Activity related to data processing: web hosting services

Data transfer
Unless provided otherwise herein, data will not be transferred to third parties.

Data security
The Controller and the data processor(s) shall handle the Users’ personal data in a confidential manner and observe the prevailing data protection laws and regulations, in particular Act CXII of 2011 on Informational Self-Determination and Freedom of Information, Act VI of 1998 on the ratification of Strasbourg Convention of 28 January 1981 for the Protection of Individuals with regard to Automatic Processing of Personal Data and Regulation (EU) 2016/679 of the European Parliament and of the Council on the protection of natural persons with regard to the processing of personal data and on the free movement of such data, and repealing Directive 95/46/EC (General Data Protection Regulation).

In order to ensure the safe processing of data, the Data Controller shall take all IT and other measures required to the safe and secure storage, processing and transfer of data. The Data Controller shall take the expectable measures to protect the personal data processed by it against unauthorized use, alteration, disclosure, deletion, damage or destruction and to ensure the technical conditions required thereto.

The persons authorized to have access to data: The data provided by the Users will be available only for the Data Controller and its employees and agents, the performance of whose tasks and duties require the knowledge of such data.

The rights of the data subject
You are entitled to obtain confirmation as to whether or not personal data concerning you are being processed, and, where that is the case, access to the personal data and the following information:
(a) the purposes of data processing:
(b) categories of the affected personal data;
(c) the recipients or categories of recipient to whom the personal data have been or will be disclosed, in particular recipients in third countries or international organizations;
(d) where possible, the envisaged period for which the personal data will be stored, or, if not possible, the criteria used to determine that period;
(e) the existence of the right to request from the controller rectification or erasure of personal data or restriction of processing of personal data concerning the data subject or to object to such processing;
(f) the right to lodge a complaint with a supervisory authority;
(g) where the personal data are not collected from the data subject, any available information as to their source;
(h) the existence of automated decision-making, including profiling and, at least in those cases, meaningful information about the logic involved, as well as the significance and the envisaged consequences of such processing for the data subject.
Upon request, the Data Controller shall provide you with a copy of the personal data undergoing processing.

You may request at any time the correction or supplementation of erroneous personal data; the Data Controller shall take the requested measures without undue delay.

You are entitled to withdraw your consent to data processing at any time. The consent may be withdrawn by canceling the subscription by using the adequate link or, in any other case of data processing, by sending your request for canceling the subscription to the Data Controller, as described herein. In case you cancel your subscription / withdraw your consent, the Data Controller shall delete your personal data from its registration within 5 working days from the cancellation / withdrawal.

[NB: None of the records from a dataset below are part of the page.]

(* Let $\eta\in(0,1)$. For $N_S>0$, $\xi\in[0,1]$ let $$I(\xi;N_S)=4N_S\left\{\frac{1-\xi}{1-2\eta^2\left(\sqrt{\xi N_S(1+\xi N_S)}-\xi N_S\right)}+\frac{\xi\left[(1-\eta^2)^2+\eta^4\right]}{(1-\eta^2)\left(1+2\xi N_S\eta^2(1-\eta^2)\right)}\right\},$$ and for $\mathcal N_S>0$ and real $M\ge1$ let $\mathcal I(M;\mathcal N_S)=\max_{\xi\in[0,1]}M\,I(\xi;\mathcal N_S/M)$. Let $\bar N_S(\eta)=0$ if $\eta\le1/\sqrt2$, and for $\eta>1/\sqrt2$ let $\bar N_S(\eta)$ be the unique zero on $(0,\infty)$ of $N_S\mapsto\frac{1}{4N_S}\partial_\xi I(\xi;N_S)|_{\xi=1}$. Then there exists $\bar K(\eta)\ge0$ such that for every $\mathcal N_S>\bar K(\eta)$, $M=1$ maximizes $\mathcal I(\cdot;\mathcal N_S)$ over $M\in[1,\infty]$ (with $M=\infty$ understood as the limit $M\to\infty$). Moreover $\bar K(\eta)=0$ for $0<\eta\le1/\sqrt2$, and $\bar K(\eta)\ge\bar N_S(\eta)$ for $\eta>1/\sqrt2$.
   Context: $I(\xi;N_S)$ is the quantum Fisher information for estimating the transmission $\eta$ of a pure-loss (zero-temperature) bosonic channel using one single-mode pure displaced squeezed probe with mean photon number $N_S$, fraction $\xi$ in squeezing and $1-\xi$ in displacement. With $M$ probes and total photon budget $\mathcal N_S=MN_S$, the total quantum Fisher information is $M\,I(\xi;\mathcal N_S/M)$, with $M$ relaxed to a continuous variable. *)

theory Defs
  imports "HOL-Analysis.Analysis"
begin

definition QFI :: "real \<Rightarrow> real \<Rightarrow> real \<Rightarrow> real" where
  "QFI eta xi N = 4 * N *
     ((1 - xi) / (1 - 2 * eta^2 * (sqrt (xi * N * (1 + xi * N)) - xi * N))
      + xi * ((1 - eta^2)^2 + eta^4) /
        ((1 - eta^2) * (1 + 2 * xi * N * eta^2 * (1 - eta^2))))"

definition QFI_tot :: "real \<Rightarrow> real \<Rightarrow> real \<Rightarrow> real" where
  "QFI_tot eta M NN = (SUP xi\<in>{0..1}. M * QFI eta xi (NN / M))"

definition dQFI1 :: "real \<Rightarrow> real \<Rightarrow> real" where
  "dQFI1 eta N = deriv (\<lambda>xi. QFI eta xi N) 1 / (4 * N)"

definition Nbar :: "real \<Rightarrow> real" where
  "Nbar eta = (if eta \<le> 1 / sqrt 2 then 0
               else (THE N. N > 0 \<and> dQFI1 eta N = 0))"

Your consent to the storage of cookies may be withdrawn according to the method described in the section titled ‘Manage cookies’ herein.

The withdrawal of consent shall not affect the lawfulness of processing based on consent before its withdrawal.

Upon the request of the Data Subject, the Data Controller shall delete the personal data concerning him or her, without undue delay, if

– the personal data are no longer necessary in relation to the purposes for which they were collected or otherwise processed;
– the Data Subject withdraws consent on which the processing is based, and there is no other legal ground for the processing;
– the processing of the personal data is for direct marketing purposes, and the Data Subject objects to the processing, and there are no overriding legitimate grounds for the processing;
– the personal data have been unlawfully processed; or
– the personal data have to be erased for compliance with a legal obligation in Union or Member State law to which the controller is subject;

Where the Data Controller has made the personal data public and is obliged pursuant to the present section to erase the personal data, the Data Controller, taking account of available technology and the cost of implementation, shall take reasonable steps, including technical measures, to inform data processors which are processing the personal data, that the Data Subject has requested the erasure by such processors of any links to, or copy or replication of, those personal data.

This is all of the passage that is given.